Perhaps the biggest sin that the second instalment in a film trilogy can commit is to essentially become little more than an exercise in floundering; trawling from point A to point C by way of cinematic water-treading. And yet, so too problematic is the ‘part 2’ that overplays its hand and leaves the powder keg a little too dry for the finale (we’re looking at you, The Last Jedi).

It’s an at-times fiendishly difficult balancing act; crafting a satisfying and complete singular that also works as part of a greater whole, turning the screws and applying the heat to both character and event without burning the filmic broth – a juggle only complicated by the sheer number of franchises and stories that are needlessly stretched out into a trifecta (for reasons usually solely within the realms of commercial gain).

In returning to the bloated, convoluted Myers-verse for his 2018 Halloween, David Gordon Green and pals wisely decided to excise everything from the franchise save for Carpenter’s iconic original. Laurie and the Shape were no longer siblings. Dr. Loomis no longer inexplicably survived being blown to smithereens. Laurie didn’t spend most of a movie stuck in a hospital… oh, wait.

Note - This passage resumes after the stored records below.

text \<open>Take adjacent triangles {p,q,r} \<subseteq> B and {p,q,u} with u \<notin> B in the link of s. The link of the
  edge {p,q} is a cycle through r, s, u; walking along it from u outside B one meets a vertex c
  adjacent to some b \<in> B other than s, and c is adjacent to p, q, b and s.\<close>

lemma vertex_with_four_neighbours:
  assumes \<sigma>: "\<sigma> \<in> X" "card \<sigma> = 4" "\<sigma> \<subseteq> B" "s \<in> \<sigma>"
    and cover: "vertices X \<subseteq> insert s (link_vertices X {s}) \<union> B" and out: "\<not> vertices X \<subseteq> B"
  obtains c N where "c \<in> vertices X" "c \<notin> B" "N \<subseteq> B" "card N = 4" "\<forall>b\<in>N. {c,b} \<in> X"
proof -
  have s: "s \<in> B" using \<sigma> by auto
  obtain w where w: "w \<in> vertices X" "w \<notin> B" using out by auto
  then have "w \<in> link_vertices X {s}" using cover s by auto
  then obtain \<rho> where \<rho>: "\<rho> \<in> X" "card \<rho> = 4" "{w,s} \<subseteq> \<rho>"
    using face_in_facet[of "{w,s}"] unfolding link_vertices_def by (auto simp: insert_commute)
  have "\<sigma> - {s} \<in> link_triangles X s" "\<sigma> - {s} \<subseteq> B"
    "\<rho> - {s} \<in> link_triangles X s" "\<not> \<rho> - {s} \<subseteq> B"
    using \<sigma> \<rho> finite_face w s unfolding link_triangles_def by (auto simp: insert_absorb)
  then obtain p q r u where pqru: "insert s {p,q,r} \<in> X" "insert s {p,q,u} \<in> X" "p \<noteq> q"
    "r \<notin> {p,q}" "u \<notin> {p,q}" "s \<notin> {p,q,r,u}" "{p,q,r} \<subseteq> B" "u \<notin> B"
    by (rule link_triangles_crossing)
  let ?G = "link_graph X {p,q}"
  have G: "(s,r) \<in> ?G" "(s,u) \<in> ?G"
    using pqru unfolding link_graph_def by (auto simp: insert_commute)
  have pq: "{p,q} \<in> X" "card {p,q} = 2"
    using pqru(1,3) face_subset[of "insert s {p,q,r}" "{p,q}"] by auto
  have "u \<noteq> r" using pqru(7,8) by auto
  have outside: "y \<notin> B" if "(u,y) \<in> (?G \<inter> UNIV \<times> (- B))\<^sup>*" for y
    using rtrancl_stays_in_closed_set[OF that, of "- B"] pqru(8) by blast
  have "(u,r) \<in> (?G \<inter> UNIV \<times> (- B))\<^sup>* \<or>
      (\<exists>c b. (u,c) \<in> (?G \<inter> UNIV \<times> (- B))\<^sup>* \<and> (c,b) \<in> ?G \<and> b \<notin> - B \<and> b \<noteq> s)"
    using link_graph_walk_from_neighbour[OF pq G(2,1) \<open>u \<noteq> r\<close>, of "- B"] s pqru(8) by simp
  then obtain c b where cb: "(c,b) \<in> ?G" "c \<notin> B" "b \<in> B" "b \<noteq> s"
    using outside pqru(7) by blast
  then have cb': "c \<noteq> b" "b \<notin> {p,q}" "insert c (insert b {p,q}) \<in> X"
    unfolding link_graph_def by auto
  then have c: "c \<in> vertices X" unfolding vertices_def by blast
  then have "{c,s} \<in> X" using cover cb(2) s unfolding link_vertices_def by (auto simp: insert_commute)
  moreover have "{c,p} \<in> X" "{c,q} \<in> X" "{c,b} \<in> X" using face_subset[OF cb'(3)] by auto
  moreover have "card {p,q,b,s} = 4" using pqru(3,6) cb'(2) cb(4) by auto
  moreover have "{p,q,b,s} \<subseteq> B" using pqru(7) cb(3) s by auto
  ultimately show ?thesis using that c cb(2) by blast
qed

The simplicity and unburdening of Green’s first foray into Haddonfield allowed it to channel much of Carpenter’s sense of singular purpose and dread. Myers was once again a relentless killing machine with next to nothing by way of motive or humanity, making him all the more terrifying a screen presence as a result. Perhaps that film’s single greatest narrative steer – though somewhat goofily executed – was its insistence that Jamie Lee Curtis’ heroine was not some trophy goal that Myers aimed for. She was an incidental survivor, a casual fly in his murderous ointment, and one whom he crossed paths with in ’18 once again almost equally incidentally, despite decades of trauma and paranoia instilling in her a kind of inverted saviour complex (which Curtis pulled off with bristling relish).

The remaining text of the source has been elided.